Я понятия не имела, как укротить шторм, бушующий во мне. Мне врали, меня сокрушили и опустошили две женщины, которых я любила сильнее всего. Я была причиной, по которой моя мать жила в аду на земле, и выбор, который она сделала — выбор, о котором знали все, кроме меня — это причина, по которой моя жизнь была адом. Мой эмоциональный шквал набрал такую большую скорость, что сметал меня за собой как беспомощную жертву своего гнева. И честно говоря, приятно было выговориться, выпустить всё. Такое чувство, будто во мне накопились десятилетия подавленной ярости.
— Я могу делать всё, что захочу, — прорычала я. — Я свободна. И ты ведь именно этого не хотела? Потому что я Королевская и я могущественнее тебя. Признай, тебе нравилось быть сильнее. Ты наслаждалась тем, что ты могущественнее бедной, глупой Зо Грей, серой как её проклятая фамилия, которая работала и работала, никогда не жаловалась. пока все говорили за её спиной и контролировали её, а ты поехала и стала успешной известной художницей. Пока мою жизнь уносило всё дальше и дальше в ад.
«Несправедливо, Зо, — произнёс слабый голосок внутри меня, — и ты это знаешь. Эсте не такая». Но я не могла видеть свою лучшую подругу сквозь дымку алой ярости. В данный момент она была изменническим врагом, который врал мне всю мою жизнь.
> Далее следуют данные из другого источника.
text \<open>Sequential-choice Dec-POMDP M'. A configuration maps each agent to
(current selection, finished flag).  One micro-step: every unfinished agent draws
independently; finished agents stay put.\<close>
definition micro_agent ::
  "(nat \<Rightarrow> 'o \<Rightarrow> nat set \<Rightarrow> nat option pmf) \<Rightarrow> nat \<Rightarrow> 'o \<Rightarrow> nat set \<times> bool
   \<Rightarrow> (nat set \<times> bool) pmf" where
  "micro_agent \<pi>' j \<omega> c =
     (if snd c then return_pmf (fst c, True)
      else map_pmf (\<lambda>a. case a of None \<Rightarrow> (fst c, True) | Some i \<Rightarrow> (insert i (fst c), False))
             (\<pi>' j \<omega> (fst c)))"

definition micro_step ::
  "nat \<Rightarrow> (nat \<Rightarrow> 'o \<Rightarrow> nat set \<Rightarrow> nat option pmf) \<Rightarrow> (nat \<Rightarrow> 'o)
   \<Rightarrow> (nat \<Rightarrow> nat set \<times> bool) \<Rightarrow> (nat \<Rightarrow> nat set \<times> bool) pmf" where
  "micro_step n \<pi>' \<omega> c = Pi_pmf {1..n} ({}, True) (\<lambda>j. micro_agent \<pi>' j (\<omega> j) (c j))"

definition init_cfg :: "nat \<Rightarrow> nat \<Rightarrow> nat set \<times> bool" where
  "init_cfg n = (\<lambda>j. ({}, j \<notin> {1..n}))"

text \<open>Each agent makes at most m+1 micro-steps (each non-stop draw adds a new
target from {1..m}); after all agents are finished the micro-step is the identity,
so running m+1 micro-steps yields the distribution of the final selections.\<close>
definition round_sel ::
  "nat \<Rightarrow> nat \<Rightarrow> (nat \<Rightarrow> 'o \<Rightarrow> nat set \<Rightarrow> nat option pmf) \<Rightarrow> (nat \<Rightarrow> 'o)
   \<Rightarrow> (nat \<Rightarrow> nat set) pmf" where
  "round_sel n m \<pi>' \<omega> =
     map_pmf (\<lambda>c j. fst (c j))
       (((\<lambda>p. bind_pmf p (micro_step n \<pi>' \<omega>)) ^^ (m + 1)) (return_pmf (init_cfg n)))"

fun val_M' ::
  "nat \<Rightarrow> nat \<Rightarrow> ('s \<Rightarrow> (nat \<Rightarrow> 'o) pmf) \<Rightarrow> ('s \<Rightarrow> (nat \<Rightarrow> nat set) \<Rightarrow> 's pmf)
   \<Rightarrow> ('s \<Rightarrow> (nat \<Rightarrow> nat set) \<Rightarrow> 's \<Rightarrow> real) \<Rightarrow> (nat \<Rightarrow> 'o \<Rightarrow> nat set \<Rightarrow> nat option pmf)
   \<Rightarrow> nat \<Rightarrow> 's \<Rightarrow> real" where
  "val_M' n m Obs P R \<pi>' 0 s = 0"
| "val_M' n m Obs P R \<pi>' (Suc t) s =
     measure_pmf.expectation (Obs s) (\<lambda>\<omega>.
       measure_pmf.expectation (round_sel n m \<pi>' \<omega>) (\<lambda>\<epsilon>.
         measure_pmf.expectation (P s \<epsilon>) (\<lambda>s'. R s \<epsilon> s' + val_M' n m Obs P R \<pi>' t s')))"

definition V_M' ::
  "nat \<Rightarrow> nat \<Rightarrow> ('s \<Rightarrow> (nat \<Rightarrow> 'o) pmf) \<Rightarrow> ('s \<Rightarrow> (nat \<Rightarrow> nat set) \<Rightarrow> 's pmf)
   \<Rightarrow> ('s \<Rightarrow> (nat \<Rightarrow> nat set) \<Rightarrow> 's \<Rightarrow> real) \<Rightarrow> nat
   \<Rightarrow> (nat \<Rightarrow> 'o \<Rightarrow> nat set \<Rightarrow> nat option pmf) \<Rightarrow> 's pmf \<Rightarrow> real" where
  "V_M' n m Obs P R T \<pi>' \<rho> = measure_pmf.expectation \<rho> (val_M' n m Obs P R \<pi>' T)"

definition phi_val ::
  "(nat \<Rightarrow> 'o \<Rightarrow> nat set \<Rightarrow> nat option pmf) \<Rightarrow> nat \<Rightarrow> 'o \<Rightarrow> nat set \<Rightarrow> real" where
  "phi_val \<pi>' j \<omega> \<epsilon> =
     (\<Sum>xs\<in>{xs. distinct xs \<and> set xs = \<epsilon>}.
        \<Prod>l<length xs. pmf (\<pi>' j \<omega> (set (take l xs))) (Some (xs ! l)))
     * pmf (\<pi>' j \<omega> \<epsilon>) None"

definition phi ::
  "(nat \<Rightarrow> 'o \<Rightarrow> nat set \<Rightarrow> nat option pmf) \<Rightarrow> nat \<Rightarrow> 'o \<Rightarrow> nat set pmf" where
  "phi \<pi>' j \<omega> = embed_pmf (phi_val \<pi>' j \<omega>)"

end

theory Submission
  imports Defs "HOL-Combinatorics.Multiset_Permutations"
begin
Который наблюдал, как умирает моя мать.
— Это неправда, — парировала Эсте. — Я жила в ожидании дня, когда ты будешь свободна. Я люблю тебя, Зо. Услышь меня, я люблю тебя!
— Любовь не лжёт, — произнесла я ужасным голосом. — Только не тогда, когда это означает, что из-за этого умрёт чья-то мама!
— Иногда любви приходится лгать! Меня тоже контролировали обе наши матери! Ты хоть представляешь, чем мне угрожала твоя мать?
— Мне плевать, — выплюнула я. — Всё — выбор. Разве не так ты мне сказала? Или в этом ты тоже соврала? Или, может, это применяется только к остальным, но не к прославленной Эсте Хантер, которая воспитывалась любящими родителями, всегда зная, что она ведьма? Я, может, и не способна на интенсивную любовь, но это-то я знаю — любовь взращивает, любовь созидает. Любовь не обманывает.
— Да. Сосредоточься на этом, — напряжённо сказала Эсте. — Сосредоточься на любви, Зо.
Я не могла. Ярость выжигала моё сердце. Ярость на мою мать, на Далию, на мою лучшую подругу, на весь проклятый мир.
— Всю мою жизнь нам приходилось бежать, потому что ты не говорила мне правду. Ты знаешь, сколько раз мы сбегали посреди ночи, и как ужасно я боялась? Если бы ты сказала мне, когда мы были маленькими, наши жизни были бы совершенно иными. Всё плохое можно было предотвратить; наше постоянное бегство, мою необходимость постоянно работать на трёх работах, мамину болезнь и смерть — всё это. Если бы одна из двух женщин, которых я любила больше всего на свете, сказала бы мне правду. Ты ведьма, твоя мать подавляет твою силу, и в процессе это убивает её. Вот и всё, что тебе нужно было сказать. Одно-единственное предложение.